● **Exercise goal**
Restate the data that follows exactly as it stands, beginning with the first line and ending with the line that contains "(meson not_le not_less)".

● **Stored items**

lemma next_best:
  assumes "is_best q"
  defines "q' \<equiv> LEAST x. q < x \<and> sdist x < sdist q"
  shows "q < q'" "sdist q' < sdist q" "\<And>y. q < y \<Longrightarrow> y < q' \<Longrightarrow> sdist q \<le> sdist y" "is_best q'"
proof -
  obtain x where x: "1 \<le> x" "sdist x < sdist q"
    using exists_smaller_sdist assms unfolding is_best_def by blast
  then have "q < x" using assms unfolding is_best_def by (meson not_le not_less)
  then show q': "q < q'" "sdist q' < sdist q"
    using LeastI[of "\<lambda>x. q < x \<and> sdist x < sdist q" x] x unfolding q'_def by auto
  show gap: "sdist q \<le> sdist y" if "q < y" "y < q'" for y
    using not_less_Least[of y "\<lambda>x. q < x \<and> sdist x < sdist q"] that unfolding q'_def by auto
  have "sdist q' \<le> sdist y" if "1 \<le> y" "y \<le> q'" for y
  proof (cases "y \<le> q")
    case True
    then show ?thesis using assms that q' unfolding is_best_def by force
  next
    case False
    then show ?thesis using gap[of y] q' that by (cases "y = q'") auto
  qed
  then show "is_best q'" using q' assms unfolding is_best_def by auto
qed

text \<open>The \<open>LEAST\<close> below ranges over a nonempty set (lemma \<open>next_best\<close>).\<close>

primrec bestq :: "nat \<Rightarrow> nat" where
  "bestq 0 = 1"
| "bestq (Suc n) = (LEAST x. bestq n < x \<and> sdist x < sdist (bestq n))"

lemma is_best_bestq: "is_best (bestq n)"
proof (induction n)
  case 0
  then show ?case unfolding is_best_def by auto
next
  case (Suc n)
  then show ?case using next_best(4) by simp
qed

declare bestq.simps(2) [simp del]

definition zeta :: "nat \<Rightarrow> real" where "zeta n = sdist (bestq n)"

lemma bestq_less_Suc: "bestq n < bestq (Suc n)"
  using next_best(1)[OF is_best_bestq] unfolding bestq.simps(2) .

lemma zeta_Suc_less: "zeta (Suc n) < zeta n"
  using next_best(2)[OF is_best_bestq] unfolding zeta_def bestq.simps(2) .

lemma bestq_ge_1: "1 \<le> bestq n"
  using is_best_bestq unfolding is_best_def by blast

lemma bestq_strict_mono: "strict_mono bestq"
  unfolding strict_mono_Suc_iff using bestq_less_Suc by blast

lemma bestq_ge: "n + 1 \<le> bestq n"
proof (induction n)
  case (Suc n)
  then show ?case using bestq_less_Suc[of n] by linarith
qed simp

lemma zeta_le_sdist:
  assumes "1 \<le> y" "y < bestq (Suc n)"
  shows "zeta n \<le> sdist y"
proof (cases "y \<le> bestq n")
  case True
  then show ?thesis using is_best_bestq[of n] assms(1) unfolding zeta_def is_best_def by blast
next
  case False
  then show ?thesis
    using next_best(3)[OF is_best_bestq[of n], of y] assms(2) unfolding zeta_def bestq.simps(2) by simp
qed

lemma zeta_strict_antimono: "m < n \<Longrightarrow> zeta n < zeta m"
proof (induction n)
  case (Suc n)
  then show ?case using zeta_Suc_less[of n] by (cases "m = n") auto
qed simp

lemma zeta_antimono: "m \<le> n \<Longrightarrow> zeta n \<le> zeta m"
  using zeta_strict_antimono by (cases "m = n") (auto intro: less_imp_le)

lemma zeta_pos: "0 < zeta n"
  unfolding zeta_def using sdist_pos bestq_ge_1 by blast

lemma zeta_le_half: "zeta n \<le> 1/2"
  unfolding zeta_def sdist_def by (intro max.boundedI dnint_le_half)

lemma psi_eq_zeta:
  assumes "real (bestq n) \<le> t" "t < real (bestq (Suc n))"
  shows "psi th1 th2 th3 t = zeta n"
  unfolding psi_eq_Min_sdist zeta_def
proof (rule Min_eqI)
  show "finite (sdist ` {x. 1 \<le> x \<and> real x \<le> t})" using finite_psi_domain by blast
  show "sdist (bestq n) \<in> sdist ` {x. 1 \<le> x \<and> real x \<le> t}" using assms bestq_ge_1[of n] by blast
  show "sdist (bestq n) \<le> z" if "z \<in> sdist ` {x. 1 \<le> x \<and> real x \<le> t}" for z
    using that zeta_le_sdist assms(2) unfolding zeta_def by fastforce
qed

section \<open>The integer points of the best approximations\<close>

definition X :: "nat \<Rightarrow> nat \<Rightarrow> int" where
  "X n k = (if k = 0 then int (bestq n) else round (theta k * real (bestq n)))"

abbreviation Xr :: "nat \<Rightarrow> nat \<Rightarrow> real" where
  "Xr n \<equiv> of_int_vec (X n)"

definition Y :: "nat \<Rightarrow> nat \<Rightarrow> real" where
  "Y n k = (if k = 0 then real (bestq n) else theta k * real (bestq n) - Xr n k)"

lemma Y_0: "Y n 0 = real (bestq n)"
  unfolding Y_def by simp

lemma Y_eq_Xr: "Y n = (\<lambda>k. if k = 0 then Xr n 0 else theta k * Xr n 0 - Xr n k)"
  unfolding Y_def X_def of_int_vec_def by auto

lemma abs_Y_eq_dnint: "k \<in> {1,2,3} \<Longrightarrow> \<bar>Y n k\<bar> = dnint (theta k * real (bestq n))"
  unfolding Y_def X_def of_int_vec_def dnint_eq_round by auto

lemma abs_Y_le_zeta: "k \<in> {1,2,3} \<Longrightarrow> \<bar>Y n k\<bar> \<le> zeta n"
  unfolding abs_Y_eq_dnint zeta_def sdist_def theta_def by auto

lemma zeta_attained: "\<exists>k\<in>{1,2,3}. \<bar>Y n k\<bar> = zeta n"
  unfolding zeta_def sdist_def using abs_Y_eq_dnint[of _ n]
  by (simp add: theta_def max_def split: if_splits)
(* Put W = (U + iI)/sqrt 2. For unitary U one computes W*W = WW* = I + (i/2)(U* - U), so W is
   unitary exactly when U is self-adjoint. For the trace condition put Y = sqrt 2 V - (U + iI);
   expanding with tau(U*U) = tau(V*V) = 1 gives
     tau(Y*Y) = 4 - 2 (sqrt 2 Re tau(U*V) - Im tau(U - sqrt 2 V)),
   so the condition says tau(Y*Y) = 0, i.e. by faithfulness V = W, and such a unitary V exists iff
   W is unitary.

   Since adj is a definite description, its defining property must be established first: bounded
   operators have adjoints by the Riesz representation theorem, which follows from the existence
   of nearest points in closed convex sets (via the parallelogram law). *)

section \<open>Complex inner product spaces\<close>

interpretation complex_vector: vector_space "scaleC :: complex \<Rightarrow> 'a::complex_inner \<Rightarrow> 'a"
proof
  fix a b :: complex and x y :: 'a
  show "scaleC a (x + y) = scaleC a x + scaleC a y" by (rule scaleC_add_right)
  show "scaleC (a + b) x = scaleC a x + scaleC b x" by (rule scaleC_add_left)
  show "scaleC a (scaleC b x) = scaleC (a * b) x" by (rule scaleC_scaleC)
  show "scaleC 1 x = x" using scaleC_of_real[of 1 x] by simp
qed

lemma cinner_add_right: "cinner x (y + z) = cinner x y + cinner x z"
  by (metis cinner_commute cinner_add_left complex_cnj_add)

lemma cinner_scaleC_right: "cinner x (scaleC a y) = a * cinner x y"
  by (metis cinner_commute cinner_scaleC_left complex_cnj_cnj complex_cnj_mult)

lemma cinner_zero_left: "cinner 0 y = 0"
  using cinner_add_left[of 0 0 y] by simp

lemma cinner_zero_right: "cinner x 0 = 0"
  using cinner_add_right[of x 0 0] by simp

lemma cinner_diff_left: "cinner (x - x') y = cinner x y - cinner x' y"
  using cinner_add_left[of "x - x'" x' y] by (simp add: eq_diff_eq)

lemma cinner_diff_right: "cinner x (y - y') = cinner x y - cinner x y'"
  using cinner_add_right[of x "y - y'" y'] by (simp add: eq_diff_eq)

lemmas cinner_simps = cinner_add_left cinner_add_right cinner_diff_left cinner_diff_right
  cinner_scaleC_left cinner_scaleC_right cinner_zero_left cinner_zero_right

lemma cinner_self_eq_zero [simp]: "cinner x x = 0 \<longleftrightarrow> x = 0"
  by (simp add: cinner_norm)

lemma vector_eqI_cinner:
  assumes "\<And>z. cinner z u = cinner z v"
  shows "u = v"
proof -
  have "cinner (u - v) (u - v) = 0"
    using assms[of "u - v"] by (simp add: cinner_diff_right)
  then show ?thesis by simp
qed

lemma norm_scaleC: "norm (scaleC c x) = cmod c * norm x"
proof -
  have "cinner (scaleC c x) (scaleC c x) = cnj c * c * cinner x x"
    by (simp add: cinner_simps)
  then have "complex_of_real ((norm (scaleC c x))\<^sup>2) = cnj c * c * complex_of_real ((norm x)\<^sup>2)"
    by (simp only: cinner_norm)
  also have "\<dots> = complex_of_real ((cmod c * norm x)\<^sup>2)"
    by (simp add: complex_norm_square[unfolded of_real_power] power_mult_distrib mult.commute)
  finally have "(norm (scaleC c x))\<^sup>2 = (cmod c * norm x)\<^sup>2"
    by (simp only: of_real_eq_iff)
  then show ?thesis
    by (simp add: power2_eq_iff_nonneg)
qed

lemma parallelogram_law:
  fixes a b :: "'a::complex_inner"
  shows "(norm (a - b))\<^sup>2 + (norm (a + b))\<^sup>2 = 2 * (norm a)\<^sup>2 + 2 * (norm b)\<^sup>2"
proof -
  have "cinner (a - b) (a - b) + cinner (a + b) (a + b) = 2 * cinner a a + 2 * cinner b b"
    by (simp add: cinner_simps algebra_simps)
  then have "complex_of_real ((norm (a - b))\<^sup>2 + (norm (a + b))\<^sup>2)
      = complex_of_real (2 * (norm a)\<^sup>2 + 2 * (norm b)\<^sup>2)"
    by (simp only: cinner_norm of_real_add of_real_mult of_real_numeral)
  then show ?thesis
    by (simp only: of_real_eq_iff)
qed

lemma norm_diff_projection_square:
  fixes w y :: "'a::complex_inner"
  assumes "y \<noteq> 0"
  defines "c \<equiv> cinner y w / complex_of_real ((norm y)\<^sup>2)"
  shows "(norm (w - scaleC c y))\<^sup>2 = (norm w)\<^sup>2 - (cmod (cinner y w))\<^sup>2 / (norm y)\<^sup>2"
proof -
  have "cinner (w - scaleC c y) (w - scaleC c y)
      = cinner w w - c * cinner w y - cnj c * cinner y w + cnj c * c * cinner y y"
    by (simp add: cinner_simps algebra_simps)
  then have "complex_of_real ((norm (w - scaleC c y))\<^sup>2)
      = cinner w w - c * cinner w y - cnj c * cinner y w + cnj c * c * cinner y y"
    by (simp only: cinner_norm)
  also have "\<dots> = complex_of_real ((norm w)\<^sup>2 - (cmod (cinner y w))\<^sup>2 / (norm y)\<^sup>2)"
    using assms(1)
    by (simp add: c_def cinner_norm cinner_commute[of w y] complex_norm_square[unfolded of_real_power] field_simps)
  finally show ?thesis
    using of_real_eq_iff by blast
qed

● **Your solution**
lemma next_best:
  assumes "is_best q"
  defines "q' \<equiv> LEAST x. q < x \<and> sdist x < sdist q"
  shows "q < q'" "sdist q' < sdist q" "\<And>y. q < y \<Longrightarrow> y < q' \<Longrightarrow> sdist q \<le> sdist y" "is_best q'"
proof -
  obtain x where x: "1 \<le> x" "sdist x < sdist q"
    using exists_smaller_sdist assms unfolding is_best_def by blast
  then have "q < x" using assms unfolding is_best_def by (meson not_le not_less)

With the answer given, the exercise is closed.